Matthew Bourne’s The Midnight Bell Review

York Theatre Royal – until Sat 2 October 2021

Reviewed by Michelle Richardson


Matthew Bourne’s latest production, is described as “intoxicated tales from the darkest Soho” and based on the novels of Patrick Hamilton. All the action takes place at The Midnight Bell, a public house and Central London in the 1930’s.

The stage is dark, murky as a lone figure dances across the floor, only to awake on a bed, he was just dreaming. He’s a bartender at The Midnight Bell, a dingy pub, where a mix of characters seek solace, eager to find love and that connection with another person.

From the onset we are captivated and fully immersed in each character, as they move effortlessly across the stage, all through the power of dance. We get to see the giddiness of new love, the joy, the desire, and anguish that it can bring.

Each dancer has their own story. A barmaid who foolishly agrees to marry a much older man, whilst secretly in love with a bartender, who is enthralled by a prostitute, an older lady fleeced by a dashing cad, a schizophrenic who is tortured soul being tormented by an out of work actress, who has a fondness for other men and a secretly gay couple. The forbidden love that these two have at a time when homosexuality was illegal is gripping, the emotion and turmoil that runs through them is palatable.

The dancers told the story with effortless ease, fluid in every movement. They took us on a journey of wanting to find love, often unrequited, the anguish of when it all went so horribly wrong. We were left feeling there is some hope, with the spinster gaining confidence, and just maybe the gay couple can really be together.
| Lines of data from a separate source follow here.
text \<open>Lower bound: if the multiset \<open>K\<close> of points of \<open>X\<^sup>n\<close> has the rows \<open>xs i\<close> as marginals,
  then every ordering of \<open>K\<close> yields a tuple of rearrangements (read off coordinatewise), and
  all of them contribute \<open>exp (\<Sum>\<^sub>x count K x * g x)\<close>.\<close>

lemma rearrangement_sum_ge_coupling:
  fixes g :: "('i::finite \<Rightarrow> 'a::finite) \<Rightarrow> real"
  assumes size_K: "size K = N" and marg: "\<And>i. image_mset (\<lambda>x. x i) K = mset (xs i)"
  shows "real (card (permutations_of_multiset K)) * exp (\<Sum>x\<in>UNIV. real (count K x) * g x)
     \<le> rearrangement_sum g N xs"
proof -
  define T where "T = PiE (UNIV::'i set) (\<lambda>i. permutations_of_multiset (mset (xs i)))"
  define Q where "Q = permutations_of_multiset K"
  define rows where "rows = (\<lambda>L::('i \<Rightarrow> 'a) list. \<lambda>i. map (\<lambda>x. x i) L)"
  have lenL: "length L = N" if "L \<in> Q" for L
    using that size_K by (metis Q_def permutations_of_multisetD size_mset)
  have inj: "inj_on rows Q"
  proof (rule inj_onI)
    fix L L' assume L: "L \<in> Q" and L': "L' \<in> Q" and eq: "rows L = rows L'"
    show "L = L'"
    proof (rule nth_equalityI)
      show "length L = length L'" using lenL[OF L] lenL[OF L'] by simp
      fix j assume j: "j < length L"
      show "L ! j = L' ! j"
      proof
        fix i
        have "rows L i ! j = rows L' i ! j" using eq by simp
        then show "(L ! j) i = (L' ! j) i" using j lenL[OF L] lenL[OF L'] by (simp add: rows_def)
      qed
    qed
  qed
  have sub: "rows ` Q \<subseteq> T"
    using marg by (auto simp: T_def Q_def rows_def dest!: permutations_of_multisetD
        intro!: permutations_of_multisetI)
  have column_value: "(\<Sum>j<N. g (\<lambda>i. rows L i ! j)) = (\<Sum>x\<in>UNIV. real (count K x) * g x)" if "L \<in> Q" for L
  proof -
    have "(\<Sum>j<N. g (\<lambda>i. rows L i ! j)) = sum_list (map g L)"
      using lenL[OF that] by (simp add: rows_def sum_list_sum_nth atLeast0LessThan)
    also have "\<dots> = (\<Sum>x\<in>#K. g x)"
      using that by (metis Q_def permutations_of_multisetD mset_map sum_mset_sum_list)
    finally show ?thesis by (simp add: sum_mset_count)
  qed
  have "real (card Q) * exp (\<Sum>x\<in>UNIV. real (count K x) * g x) = (\<Sum>L\<in>Q. exp (\<Sum>j<N. g (\<lambda>i. rows L i ! j)))"
    by (simp add: column_value)
  also have "\<dots> = (\<Sum>Y\<in>rows ` Q. exp (\<Sum>j<N. g (\<lambda>i. Y i ! j)))"
    by (rule sum.reindex[OF inj, symmetric, unfolded comp_def])
  also have "\<dots> \<le> (\<Sum>Y\<in>T. exp (\<Sum>j<N. g (\<lambda>i. Y i ! j)))"
    by (intro sum_mono2 sub) (auto simp: T_def intro: finite_PiE)
  finally show ?thesis unfolding rearrangement_sum_def T_def Q_def .
qed

lemma ln_sym_partition_upper:
  fixes g :: "('i::finite \<Rightarrow> 'a::finite) \<Rightarrow> real"
  assumes len: "\<And>i. length (\<xi> N i) = N" and N: "N > 0"
  shows "ln (sym_partition g \<xi> N) \<le> real N * (pressure g - (\<Sum>i\<in>UNIV. entropy (seq_type (\<xi> N i))))
      + real CARD('i) * real CARD('a) * (ln (real N + 1) + 1)"
proof -
  have Z: "(\<Sum>x\<in>UNIV. exp (g x)) > 0" by (intro sum_pos) auto
  have "ln (rearrangement_sum g N (\<xi> N)) \<le> ln ((\<Sum>x\<in>UNIV. exp (g x)) ^ N)"
    by (intro ln_mono rearrangement_sum_pos rearrangement_sum_le_power len)
  also have "\<dots> = real N * pressure g" using Z by (simp add: ln_realpow pressure_def)
  finally have "ln (rearrangement_sum g N (\<xi> N)) \<le> real N * pressure g" .
  moreover have "(\<Sum>i\<in>UNIV. real N * entropy (seq_type (\<xi> N i)) - real CARD('a) * (ln (real N + 1) + 1))
      \<le> (\<Sum>i\<in>UNIV. ln (real (card (permutations_of_multiset (mset (\<xi> N i))))))"
  proof (intro sum_mono)
    fix i
    show "real N * entropy (seq_type (\<xi> N i)) - real CARD('a) * (ln (real N + 1) + 1)
        \<le> ln (real (card (permutations_of_multiset (mset (\<xi> N i)))))"
      using ln_card_permutations_of_multiset_lower[of "mset (\<xi> N i)"] len[of i] N
      by (simp add: seq_type_empirical)
  qed
  moreover have "(\<Sum>i\<in>UNIV. real N * entropy (seq_type (\<xi> N i)) - real CARD('a) * (ln (real N + 1) + 1))
      = real N * (\<Sum>i\<in>UNIV. entropy (seq_type (\<xi> N i))) - real CARD('i) * real CARD('a) * (ln (real N + 1) + 1)"
    by (simp add: sum_subtractf sum_distrib_left)
  ultimately show ?thesis
    using ln_sym_partition[where \<xi> = \<xi> and N = N and g = g, OF len]
    by (simp add: right_diff_distrib)
qed

lemma ln_sym_partition_lower:
  fixes g :: "('i::finite \<Rightarrow> 'a::finite) \<Rightarrow> real"
  assumes len: "\<And>i. length (\<xi> N i) = N" and N: "N > 0"
    and size_K: "size K = N" and marg: "\<And>i. image_mset (\<lambda>x. x i) K = mset (\<xi> N i)"
  shows "real N * (entropy (empirical K) + (\<Sum>x\<in>UNIV. empirical K x * g x)
        - (\<Sum>i\<in>UNIV. entropy (seq_type (\<xi> N i))))
      - (real CARD('i \<Rightarrow> 'a) + real CARD('i)) * (ln (real N + 1) + 1)
    \<le> ln (sym_partition g \<xi> N)"
proof -
  define cK where "cK = real (card (permutations_of_multiset K))"
  have cK: "cK > 0" by (simp add: cK_def card_gt_0_iff)
  have "cK * exp (\<Sum>x\<in>UNIV. real (count K x) * g x) \<le> rearrangement_sum g N (\<xi> N)"
    unfolding cK_def by (rule rearrangement_sum_ge_coupling[OF size_K marg])
  then have "ln (cK * exp (\<Sum>x\<in>UNIV. real (count K x) * g x)) \<le> ln (rearrangement_sum g N (\<xi> N))"
    using cK by (intro ln_mono) auto
  moreover have "(\<Sum>x\<in>UNIV. real (count K x) * g x) = real N * (\<Sum>x\<in>UNIV. empirical K x * g x)"
    using N size_K by (simp add: empirical_def sum_distrib_left)
  moreover have "real N * entropy (empirical K) - real CARD('i \<Rightarrow> 'a) * (ln (real N + 1) + 1) \<le> ln cK"
    using ln_card_permutations_of_multiset_lower[of K] N size_K by (simp add: cK_def)
  moreover have "(\<Sum>i\<in>UNIV. ln (real (card (permutations_of_multiset (mset (\<xi> N i))))))
      \<le> (\<Sum>i\<in>UNIV. real N * entropy (seq_type (\<xi> N i)) + (ln (real N + 1) + 1))"
  proof (intro sum_mono)
    fix i
    show "ln (real (card (permutations_of_multiset (mset (\<xi> N i)))))
        \<le> real N * entropy (seq_type (\<xi> N i)) + (ln (real N + 1) + 1)"
      using ln_card_permutations_of_multiset_upper[of "mset (\<xi> N i)"] len[of i] N
      by (simp add: seq_type_empirical)
  qed
  moreover have "(\<Sum>i\<in>UNIV. real N * entropy (seq_type (\<xi> N i)) + (ln (real N + 1) + 1))
      = real N * (\<Sum>i\<in>UNIV. entropy (seq_type (\<xi> N i))) + real CARD('i) * (ln (real N + 1) + 1)"
    by (simp add: sum.distrib sum_distrib_left)
  ultimately show ?thesis
    using cK ln_sym_partition[where \<xi> = \<xi> and N = N and g = g, OF len]
    by (simp add: ln_mult right_diff_distrib distrib_left distrib_right)
qed

text \<open>Multisets \<open>R i\<close> of equal size \<open>D\<close> are the marginals of a multiset of \<open>D\<close> points of \<open>X\<^sup>n\<close>:
  list each \<open>R i\<close> and glue the lists columnwise.\<close>

lemma joint_multiset:
  fixes R :: "'i \<Rightarrow> 'a multiset"
  assumes size_R: "\<And>i. size (R i) = D"
  shows "\<exists>F. size F = D \<and> (\<forall>i. image_mset (\<lambda>x. x i) F = R i)"
proof -
  define r where "r i = (SOME l. mset l = R i)" for i
  have r: "mset (r i) = R i" for i unfolding r_def by (rule someI_ex[OF ex_mset])
  have len: "length (r i) = D" for i using r[of i] size_R[of i] by (metis size_mset)
  define F where "F = mset (map (\<lambda>j. \<lambda>i. r i ! j) [0..<D])"
  have "image_mset (\<lambda>x. x i) F = R i" for i
  proof -
    have "image_mset (\<lambda>x. x i) F = mset (map (\<lambda>j. r i ! j) [0..<D])"
      by (simp add: F_def multiset.map_comp comp_def)
    also have "map (\<lambda>j. r i ! j) [0..<D] = r i" using len[of i] map_nth[of "r i"] by simp
    finally show ?thesis using r by simp
  qed
  then show ?thesis by (intro exI[of _ F]) (simp add: F_def)
qed

lemma sum_fibre_minus_le:
  fixes \<gamma> :: "('i::finite \<Rightarrow> 'a::finite) \<Rightarrow> real"
  assumes "0 \<le> \<delta>"
  shows "(\<Sum>x\<in>{x. x i = t}. \<gamma> x - \<delta>) \<le> marginal \<gamma> i t - \<delta>"
proof -
  have "(\<lambda>_. t) \<in> {x::'i \<Rightarrow> 'a. x i = t}" by simp
  then have "card {x::'i \<Rightarrow> 'a. x i = t} \<noteq> 0" by (auto simp: card_eq_0_iff)
  then have "real (card {x::'i \<Rightarrow> 'a. x i = t}) \<ge> 1" by linarith
  then have "\<delta> * 1 \<le> \<delta> * real (card {x::'i \<Rightarrow> 'a. x i = t})"
    using assms by (rule mult_left_mono)
  then show ?thesis by (simp add: sum_subtractf marginal_def mult.commute)
qed

lemma image_mset_sub_row:
  fixes \<gamma> :: "('i::finite \<Rightarrow> 'a::finite) \<Rightarrow> real" and A :: "('i \<Rightarrow> 'a) multiset"
  assumes below: "\<And>x. real (count A x) \<le> real N * (\<gamma> x - \<delta>)" and nonneg: "0 \<le> \<delta>"
    and counts: "\<And>t. real N * (marginal \<gamma> i t - \<delta>) \<le> real (count (mset xs) t)"
  shows "image_mset (\<lambda>x. x i) A \<subseteq># mset xs"
proof (rule mset_subset_eqI)
  fix t
  have "real (count (image_mset (\<lambda>x. x i) A) t) = (\<Sum>x\<in>{x. x i = t}. real (count A x))"
    by (simp add: count_image_mset_fibre)
  also have "\<dots> \<le> (\<Sum>x\<in>{x. x i = t}. real N * (\<gamma> x - \<delta>))" by (intro sum_mono below)
  also have "\<dots> \<le> real N * (marginal \<gamma> i t - \<delta>)"
    using sum_fibre_minus_le[OF nonneg, of \<gamma> i t] by (simp add: sum_distrib_left[symmetric] mult_left_mono)
  also have "\<dots> \<le> real (count (mset xs) t)" by (rule counts)
  finally show "count (image_mset (\<lambda>x. x i) A) t \<le> count (mset xs) t" by simp
qed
The soundtrack is interwoven with songs from the 30’s, which are mimed by the dancers, depicts the era perfectly. Sound is also used with great effect to depict a couple of schizophrenic episodes. Be warned this is an ear piercing, high-pitched noise.

The set is so very clever providing you with the atmosphere of the seediness of Soho at the time. Changes of scenery are executed with flawless effect, the use of window frames and a sign for a phone box being lowered and raised, lit up signs depicting rooms, dance hall and cinema, flicker on and off as the story unfold. On the stage table and chairs, a park bench come and go, as does the bar, the props are moved about with ease by the dancers. It is amazing to see scene changes being choreographed so well within the dance.

The Midnight Bell is a superb show, and the dancers seriously impress, not only with the dancing but the story telling, compelling to watch. Who needs words?

Bourne has stated that he believes that he has one big show left in him, we hope so, we’re certainly not ready for this to be his last swansong.